Beyond the efficient and cheaper isolation of patient-derived cell populations — one of the bottlenecks in the translation of cell therapies and in the investigation of patient-specific disease mechanisms — many other roadblocks can slow the translation of individualized therapies and limit access to personalized products. One big limitation is lengthy manufacture time: current protocols for the production of patient-specific neoantigen vaccines (including the removal and processing of tumour biopsies, the genome-sequencing of the samples, bioinformatics analyses for the identification and screening of suitable neoantigens, and the production of the vaccine) can take several months. The ex vivo expansion of patient-specific therapeutic T cells for adoptive transfer is also a long process.
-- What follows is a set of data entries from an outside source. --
text \<open>A single rational \<open>y\<close> approximates \<open>(P' + sqrt D) / q\<close> to \<open>p\<close>-adic precision \<open>p\<close>.\<close>
lemma padic_cong_rational_approx:
  assumes "prime p" "is_padic_sqrt_seq p D r" "q \<noteq> 0"
  obtains y where "\<And>x j. j \<le> 1 \<Longrightarrow> in_pZ p j (y - x) \<Longrightarrow> padic_cong p r P' (of_int q) x j"
proof -
  obtain v u where vu: "q = int p ^ v * u" "\<not> int p dvd u" "u \<noteq> 0"
    using int_times_prime_power_factor[OF assms(1,3)] by blast
  define y where "y = (P' + r (Suc v)) / of_int q"
  have close: "in_pZ p 1 ((P' + r n) / of_int q - y)" if "Suc v \<le> n" for n
  proof -
    have "in_pZ p (1 + int v) (r n - r (Suc v))"
      using in_pZ_sqrt_seq_tail[OF assms(1,2) that] by simp
    from in_pZ_divide[OF assms(1) this vu(2,3)]
    show ?thesis
      unfolding y_def vu(1) [symmetric] diff_divide_distrib [symmetric] by simp
  qed
  have "padic_cong p r P' (of_int q) x j" if "j \<le> 1" "in_pZ p j (y - x)" for x j
    unfolding padic_cong_def
  proof (intro exI[of _ "Suc v"] allI impI)
    fix n assume "Suc v \<le> n"
    from in_pZ_add[OF assms(1) in_pZ_mono[OF assms(1) close[OF this] that(1)] that(2)]
    show "in_pZ p j ((P' + r n) / of_int q - x)" by simp
  qed
  then show ?thesis by (rule that)
qed

lemma padic_cong_obtain_index:
  assumes "padic_cong p r P' Q' x j"
  obtains n where "m \<le> n" "in_pZ p j ((P' + r n) / Q' - x)"
proof -
  obtain n0 where "\<forall>n\<ge>n0. in_pZ p j ((P' + r n) / Q' - x)"
    using assms unfolding padic_cong_def by blast
  then show ?thesis using that[of "max m n0"] by simp
qed

lemma padic_cong_diff:
  assumes "prime p" "padic_cong p r P' Q' x j" "padic_cong p r P' Q' x' j"
  shows "in_pZ p j (x' - x)"
proof -
  obtain n1 where n1: "\<forall>n\<ge>n1. in_pZ p j ((P' + r n) / Q' - x)"
    using assms(2) unfolding padic_cong_def by blast
  obtain n2 where n2: "\<forall>n\<ge>n2. in_pZ p j ((P' + r n) / Q' - x')"
    using assms(3) unfolding padic_cong_def by blast
  have "in_pZ p j (((P' + r (max n1 n2)) / Q' - x) - ((P' + r (max n1 n2)) / Q' - x'))"
    by (rule in_pZ_diff[OF assms(1)]) (use n1 n2 in auto)
  then show ?thesis by simp
qed

lemma padic_cong_add_Ints:
  assumes "prime p" "padic_cong p r P' Q' x j" "0 \<le> j" "z \<in> \<int>"
  shows "padic_cong p r P' Q' (z + x) 0"
proof -
  obtain n0 where n0: "\<forall>n\<ge>n0. in_pZ p j ((P' + r n) / Q' - x)"
    using assms(2) unfolding padic_cong_def by blast
  obtain k where z: "z = of_int k" using assms(4) by (elim Ints_cases)
  show ?thesis
    unfolding padic_cong_def
  proof (intro exI[of _ n0] allI impI)
    fix n assume "n0 \<le> n"
    then have "in_pZ p 0 ((P' + r n) / Q' - x)"
      using n0 in_pZ_mono[OF assms(1) _ assms(3)] by blast
    from in_pZ_diff[OF assms(1) this in_pZ_of_int[OF assms(1), of k]]
    show "in_pZ p 0 ((P' + r n) / Q' - (z + x))" by (simp add: z algebra_simps)
  qed
qed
Still, individualized treatments can partly rely on one-size-fits-all approaches; for example, the development of off-the-shelf cell products engineered to avoid both acute and long-term immune responses in patients can form the basis of medicines that are then tailored to each patient. These would also help standardize some criteria (such as the physicochemical characteristics of candidate neoantigen peptides), as well as manufacturing protocols and processes (such as those for cell isolation and sorting) for the production of treatments suited to the individual characteristics of a patient’s disease.